lemma delta_bd_Xcx: "delta_bd (Xcx n) c = link_bd {1..int n} {} c"
proof
  fix t
  have "finite (Xcx n)" unfolding Xcx_eq_Xstar by (rule finite_Xstar) simp
  then have "delta_bd (Xcx n) c t = (\<Sum>s\<in>Xcx n. c s * face_coeff {} s t)"
    unfolding delta_bd_def face_coeff_def[of "{}", simplified, symmetric]
    by (intro sum.mono_neutral_left) (auto simp: face_coeff_eq_0_if_length_ne)
  then show "delta_bd (Xcx n) c t = link_bd {1..int n} {} c t"
    unfolding link_bd_def Xcx_eq_Xstar .
qed

lemma length_le_if_in_Xcx:
  assumes "s \<in> Xcx n"
  shows "length s \<le> n"
proof -
  have "length s = card (abs ` set s)" and "abs ` set s \<subseteq> {1..int n}"
    using assms distinct_card[of "map abs s"] by (auto simp: Xcx_def)
  then show ?thesis by (metis card_atLeastAtMost_int card_mono diff_add_cancel finite_atLeastAtMost_int nat_int)
qed

lemma Xcx_reduced_homology_vanishes_below:
  assumes "-1 \<le> i" and "i < int n - 1"
  shows "reduced_homology_vanishes (Xcx n) i"
  unfolding reduced_homology_vanishes_def is_chain_Xcx_iff delta_bd_Xcx
proof (intro allI impI)
  fix c assume "is_link_chain {1..int n} {} (nat (i + 1)) c \<and> link_bd {1..int n} {} c = (\<lambda>_. 0)"
  moreover have "nat (i + 1) < card {1..int n}" and "nat (i + 2) = Suc (nat (i + 1))"
    using assms by auto
  ultimately show "\<exists>b. is_link_chain {1..int n} {} (nat (i + 2)) b \<and> link_bd {1..int n} {} b = c"
    using link_cycle_is_boundary[of "{1..int n}" "{}" "nat (i + 1)" c] by auto
qed

lemma Xcx_reduced_homology_vanishes_above:
  assumes "int n \<le> i"
  shows "reduced_homology_vanishes (Xcx n) i"
  unfolding reduced_homology_vanishes_def
proof (intro allI impI)
  fix c assume "is_chain (Xcx n) (nat (i + 1)) c \<and> delta_bd (Xcx n) c = (\<lambda>_. 0)"
  then have "c = (\<lambda>_. 0)"
    using assms length_le_if_in_Xcx[of _ n] unfolding is_chain_def by fastforce
  then show "\<exists>b. is_chain (Xcx n) (nat (i + 2)) b \<and> delta_bd (Xcx n) b = c"
    by (intro exI[of _ "\<lambda>_. 0"]) (simp add: is_chain_def delta_bd_def)
qed

theorem mainTheorem6:
  fixes n :: nat
  assumes "n \<ge> 1"
  shows "spherical (Xcx n) (int n - 1)"
  unfolding spherical_def
proof (intro conjI allI impI)
  show "\<exists>s\<in>Xcx n. s \<noteq> []"
    using assms by (intro bexI[of _ "[1]"]) (auto simp: Xcx_def)
  fix i :: int assume "-1 \<le> i \<and> i \<noteq> int n - 1"
  then show "reduced_homology_vanishes (Xcx n) i"
    using Xcx_reduced_homology_vanishes_below Xcx_reduced_homology_vanishes_above
    by (cases "i < int n - 1") auto
qed

end
(* Consider the multiset combinatorial auction model described in the context and an iterative auction that first asks demand queries and then value queries, with truthful bidders, whose allocation after any set of reports is a solution of the winner determination problem (WDP) on the inferred values. Let $a^{DQ}$ be the WDP allocation computed from the reports after the last demand query. Suppose the first value-query round is the bridge bid, i.e., each bidder $i$ is asked a value query for the bundle $a^{DQ}_i$. Then, after the bridge bid and after any subsequent value queries, the efficiency of the WDP allocation is at least the efficiency of $a^{DQ}$, the efficiency achieved by the demand queries alone.
   Context: Multiset combinatorial auction: bidders $N=\{1,\dots,n\}$, items $M=\{1,\dots,m\}$ with capacities $c\in\mathbb{N}^m$. Bundles are $x\in\mathcal{X}=\{0,\dots,c_1\}\times\cdots\times\{0,\dots,c_m\}$. Each bidder $i$ has a value function $v_i:\mathcal{X}\to\mathbb{R}_{\ge0}$. Feasible allocations: $\mathcal{F}=\{a\in\mathcal{X}^n:\sum_i a_{ij}\le c_j\ \forall j\}$. Social welfare $V(a)=\sum_i v_i(a_i)$; efficiency of $a$ is $V(a)/\max_{a'\in\mathcal{F}}V(a')$. A demand query at prices $p\in\mathbb{R}^m_{\ge0}$ is answered truthfully by bidder $i$ with some $x_i^*(p)\in\arg\max_{x\in\mathcal{X}}\{v_i(x)-\langle p,x\rangle\}$; a value query for $x$ is answered with $v_i(x)$. With reports $R_i$ consisting of demand responses $R_i^{DQ}$ (pairs $(x,p)$) and value responses $R_i^{VQ}$ (pairs $(x,v_i(x))$), the inferred value is $\tilde v_i(x;R_i)=v_i(x)$ if $x$ appears in $R_i^{VQ}$ and otherwise $\max(\{\langle x,p\rangle:(x,p)\in R_i^{DQ}\}\cup\{0\})$. The WDP allocation is $a^*(R)\in\arg\max_{a\in\mathcal{F}}\sum_i\tilde v_i(a_i;R_i)$. *)

theory Defs
  imports Complex_Main
begin

text \<open>Items are the elements of a finite type 'm, bidders the elements of a finite type 'n.
 A bundle is a function 'm => nat, a price vector a function 'm => real.\<close>

definition bundles :: "('m::finite \<Rightarrow> nat) \<Rightarrow> ('m \<Rightarrow> nat) set" where
  "bundles c = {x. \<forall>j. x j \<le> c j}"

definition pdot :: "('m::finite \<Rightarrow> real) \<Rightarrow> ('m \<Rightarrow> nat) \<Rightarrow> real" where
  "pdot p x = (\<Sum>j\<in>UNIV. p j * real (x j))"

definition feasible :: "('m::finite \<Rightarrow> nat) \<Rightarrow> ('n::finite \<Rightarrow> 'm \<Rightarrow> nat) set" where
  "feasible c = {a. (\<forall>i. a i \<in> bundles c) \<and> (\<forall>j. (\<Sum>i\<in>UNIV. a i j) \<le> c j)}"

definition welfare :: "('n::finite \<Rightarrow> ('m \<Rightarrow> nat) \<Rightarrow> real) \<Rightarrow> ('n \<Rightarrow> 'm \<Rightarrow> nat) \<Rightarrow> real" where
  "welfare v a = (\<Sum>i\<in>UNIV. v i (a i))"

definition opt_welfare :: "('m::finite \<Rightarrow> nat) \<Rightarrow> ('n::finite \<Rightarrow> ('m \<Rightarrow> nat) \<Rightarrow> real) \<Rightarrow> real" where
  "opt_welfare c v = Max (welfare v ` feasible c)"

definition efficiency :: "('m::finite \<Rightarrow> nat) \<Rightarrow> ('n::finite \<Rightarrow> ('m \<Rightarrow> nat) \<Rightarrow> real)
    \<Rightarrow> ('n \<Rightarrow> 'm \<Rightarrow> nat) \<Rightarrow> real" where
  "efficiency c v a = welfare v a / opt_welfare c v"

definition truthful_dq :: "('m::finite \<Rightarrow> nat) \<Rightarrow> (('m \<Rightarrow> nat) \<Rightarrow> real) \<Rightarrow> ('m \<Rightarrow> nat) \<Rightarrow> ('m \<Rightarrow> real) \<Rightarrow> bool" where
  "truthful_dq c vi x p \<longleftrightarrow> (\<forall>j. p j \<ge> 0) \<and> x \<in> bundles c \<and>
     (\<forall>y\<in>bundles c. vi y - pdot p y \<le> vi x - pdot p x)"

text \<open>Inferred value from demand reports DQ (pairs (x,p)) and the set VQ of bundles
 for which a (truthful) value query has been answered.\<close>
definition inferred_value ::
  "(('m::finite \<Rightarrow> nat) \<Rightarrow> real) \<Rightarrow> (('m \<Rightarrow> nat) \<times> ('m \<Rightarrow> real)) set \<Rightarrow> ('m \<Rightarrow> nat) set
    \<Rightarrow> ('m \<Rightarrow> nat) \<Rightarrow> real" where
  "inferred_value vi DQ VQ x =
     (if x \<in> VQ then vi x else Max ({pdot p x | p. (x, p) \<in> DQ} \<union> {0}))"

definition wdp_solution ::
  "('m::finite \<Rightarrow> nat) \<Rightarrow> ('n::finite \<Rightarrow> ('m \<Rightarrow> nat) \<Rightarrow> real)
    \<Rightarrow> ('n \<Rightarrow> (('m \<Rightarrow> nat) \<times> ('m \<Rightarrow> real)) set) \<Rightarrow> ('n \<Rightarrow> ('m \<Rightarrow> nat) set)
    \<Rightarrow> ('n \<Rightarrow> 'm \<Rightarrow> nat) \<Rightarrow> bool" where
  "wdp_solution c v DQ VQ a \<longleftrightarrow> a \<in> feasible c \<and>
     (\<forall>b\<in>feasible c. (\<Sum>i\<in>UNIV. inferred_value (v i) (DQ i) (VQ i) (b i))
                   \<le> (\<Sum>i\<in>UNIV. inferred_value (v i) (DQ i) (VQ i) (a i)))"

end

theory Submission
  imports Defs "HOL-Library.FuncSet"
begin

text \<open>Inferred values never exceed true values: a truthful demand response x at prices p
 beats the empty bundle, so v x \<ge> \<langle>p, x\<rangle> + v 0 \<ge> \<langle>p, x\<rangle>. After the bridge bid every
 bundle of aDQ has been value-queried, so its inferred welfare is its true welfare.
 Hence welfare(aDQ) is at most the inferred welfare of the WDP allocation a, which in turn
 is at most welfare(a); dividing by the (nonnegative) optimal welfare gives the claim.\<close>

lemma finite_bundles: "finite (bundles (c :: 'm::finite \<Rightarrow> nat))"
proof (rule finite_subset)
  show "bundles c \<subseteq> PiE UNIV (\<lambda>j. {..c j})"
    by (auto simp: bundles_def PiE_def extensional_def)
qed (rule finite_PiE; simp)

lemma finite_feasible: "finite (feasible c :: ('n::finite \<Rightarrow> 'm::finite \<Rightarrow> nat) set)"
proof (rule finite_subset)
  show "feasible c \<subseteq> PiE (UNIV :: 'n set) (\<lambda>_. bundles c)"
    by (auto simp: feasible_def PiE_def extensional_def)
qed (rule finite_PiE; simp add: finite_bundles)

lemma zero_in_bundles: "(\<lambda>_. 0) \<in> bundles c"
  by (simp add: bundles_def)

lemma zero_in_feasible: "(\<lambda>_ _. 0) \<in> feasible c"
  by (simp add: feasible_def bundles_def)

lemma feasible_in_bundles: "a \<in> feasible c \<Longrightarrow> a i \<in> bundles c"
  by (simp add: feasible_def)

lemma truthful_dq_price_le_value:
  assumes "truthful_dq c vi x p" and "vi (\<lambda>_. 0) \<ge> 0"
  shows "pdot p x \<le> vi x"
proof -
  have "vi (\<lambda>_. 0) - pdot p (\<lambda>_. 0) \<le> vi x - pdot p x"
    using assms(1) zero_in_bundles unfolding truthful_dq_def by blast
  with assms(2) show ?thesis
    by (simp add: pdot_def)
qed

lemma inferred_value_queried [simp]: "x \<in> VQ \<Longrightarrow> inferred_value vi DQ VQ x = vi x"
  by (simp add: inferred_value_def)

lemma inferred_value_le_value:
  assumes "finite DQ"
    and truthful: "\<And>y p. (y, p) \<in> DQ \<Longrightarrow> truthful_dq c vi y p"
    and "vi (\<lambda>_. 0) \<ge> 0" and "vi x \<ge> 0"
  shows "inferred_value vi DQ VQ x \<le> vi x"
proof -
  have "{pdot p x | p. (x, p) \<in> DQ} \<subseteq> (\<lambda>q. pdot (snd q) x) ` DQ"
    by force
  then have "finite {pdot p x | p. (x, p) \<in> DQ}"
    using \<open>finite DQ\<close> finite_subset by blast
  moreover have "pdot p x \<le> vi x" if "(x, p) \<in> DQ" for p
    using truthful[OF that] \<open>vi (\<lambda>_. 0) \<ge> 0\<close> by (rule truthful_dq_price_le_value)
  ultimately have "Max ({pdot p x | p. (x, p) \<in> DQ} \<union> {0}) \<le> vi x"
    using \<open>vi x \<ge> 0\<close> by (subst Max_le_iff) auto
  then show ?thesis
    by (simp add: inferred_value_def)
qed

lemma wdp_solution_welfare_ge_queried:
  assumes wdp: "wdp_solution c v DQ VQ a"
    and "b \<in> feasible c" and queried: "\<And>i. b i \<in> VQ i"
    and under: "\<And>i x. x \<in> bundles c \<Longrightarrow> inferred_value (v i) (DQ i) (VQ i) x \<le> v i x"
  shows "welfare v b \<le> welfare v a"
proof -
  have "welfare v b = (\<Sum>i\<in>UNIV. inferred_value (v i) (DQ i) (VQ i) (b i))"
    by (simp add: welfare_def queried)
  also have "\<dots> \<le> (\<Sum>i\<in>UNIV. inferred_value (v i) (DQ i) (VQ i) (a i))"
    using wdp \<open>b \<in> feasible c\<close> unfolding wdp_solution_def by blast
  also have "\<dots> \<le> welfare v a"
    unfolding welfare_def
    using wdp by (intro sum_mono under) (auto simp: wdp_solution_def feasible_in_bundles)
  finally show ?thesis .
qed

lemma opt_welfare_nonneg:
  assumes "\<And>i x. x \<in> bundles c \<Longrightarrow> v i x \<ge> 0"
  shows "opt_welfare c v \<ge> 0"
proof -
  have "0 \<le> welfare v (\<lambda>_ _. 0)"
    unfolding welfare_def by (intro sum_nonneg assms zero_in_bundles)
  also have "\<dots> \<le> opt_welfare c v"
    unfolding opt_welfare_def
    by (intro Max_ge finite_imageI finite_feasible imageI zero_in_feasible)
  finally show ?thesis .
qed

lemma efficiency_mono:
  assumes "welfare v b \<le> welfare v a" and "opt_welfare c v \<ge> 0"
  shows "efficiency c v b \<le> efficiency c v a"
  using assms by (simp add: efficiency_def divide_right_mono)

theorem lemmaD9:
  fixes c :: "'m::finite \<Rightarrow> nat"
    and v :: "'n::finite \<Rightarrow> ('m \<Rightarrow> nat) \<Rightarrow> real"
    and DQ :: "'n \<Rightarrow> (('m \<Rightarrow> nat) \<times> ('m \<Rightarrow> real)) set"
    and aDQ :: "'n \<Rightarrow> 'm \<Rightarrow> nat"
    and S :: "'n \<Rightarrow> ('m \<Rightarrow> nat) set"
    and a :: "'n \<Rightarrow> 'm \<Rightarrow> nat"
  assumes v_nonneg: "\<And>i x. x \<in> bundles c \<Longrightarrow> v i x \<ge> 0"
    and DQ_finite: "\<And>i. finite (DQ i)"
    and DQ_truthful: "\<And>i x p. (x, p) \<in> DQ i \<Longrightarrow> truthful_dq c (v i) x p"
    and aDQ_wdp: "wdp_solution c v DQ (\<lambda>i. {}) aDQ"
    and a_wdp: "wdp_solution c v DQ (\<lambda>i. insert (aDQ i) (S i)) a"
  shows "efficiency c v a \<ge> efficiency c v aDQ"
proof (rule efficiency_mono)
  have "aDQ \<in> feasible c"
    using aDQ_wdp by (simp add: wdp_solution_def)
  moreover have "inferred_value (v i) (DQ i) (insert (aDQ i) (S i)) x \<le> v i x"
    if "x \<in> bundles c" for i x
    using DQ_finite DQ_truthful v_nonneg[OF zero_in_bundles] v_nonneg[OF that]
    by (rule inferred_value_le_value)
  ultimately show "welfare v aDQ \<le> welfare v a"
    using a_wdp by (intro wdp_solution_welfare_ge_queried) auto
  show "opt_welfare c v \<ge> 0"
    using v_nonneg by (rule opt_welfare_nonneg)
qed

end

^^^^

**TASK TO COMPLETE**.
Quote the data above from the line containing "by (auto simp: feasible_def" to the line containing "using assms(1) zero_in_bundles", inclusive, and stop.

**TASK RESPONSE**.
    by (auto simp: feasible_def PiE_def extensional_def)
qed (rule finite_PiE; simp add: finite_bundles)

lemma zero_in_bundles: "(\<lambda>_. 0) \<in> bundles c"
  by (simp add: bundles_def)

lemma zero_in_feasible: "(\<lambda>_ _. 0) \<in> feasible c"
  by (simp add: feasible_def bundles_def)

lemma feasible_in_bundles: "a \<in> feasible c \<Longrightarrow> a i \<in> bundles c"
  by (simp add: feasible_def)

lemma truthful_dq_price_le_value:
  assumes "truthful_dq c vi x p" and "vi (\<lambda>_. 0) \<ge> 0"
  shows "pdot p x \<le> vi x"
proof -
  have "vi (\<lambda>_. 0) - pdot p (\<lambda>_. 0) \<le> vi x - pdot p x"
    using assms(1) zero_in_bundles unfolding truthful_dq_def by blast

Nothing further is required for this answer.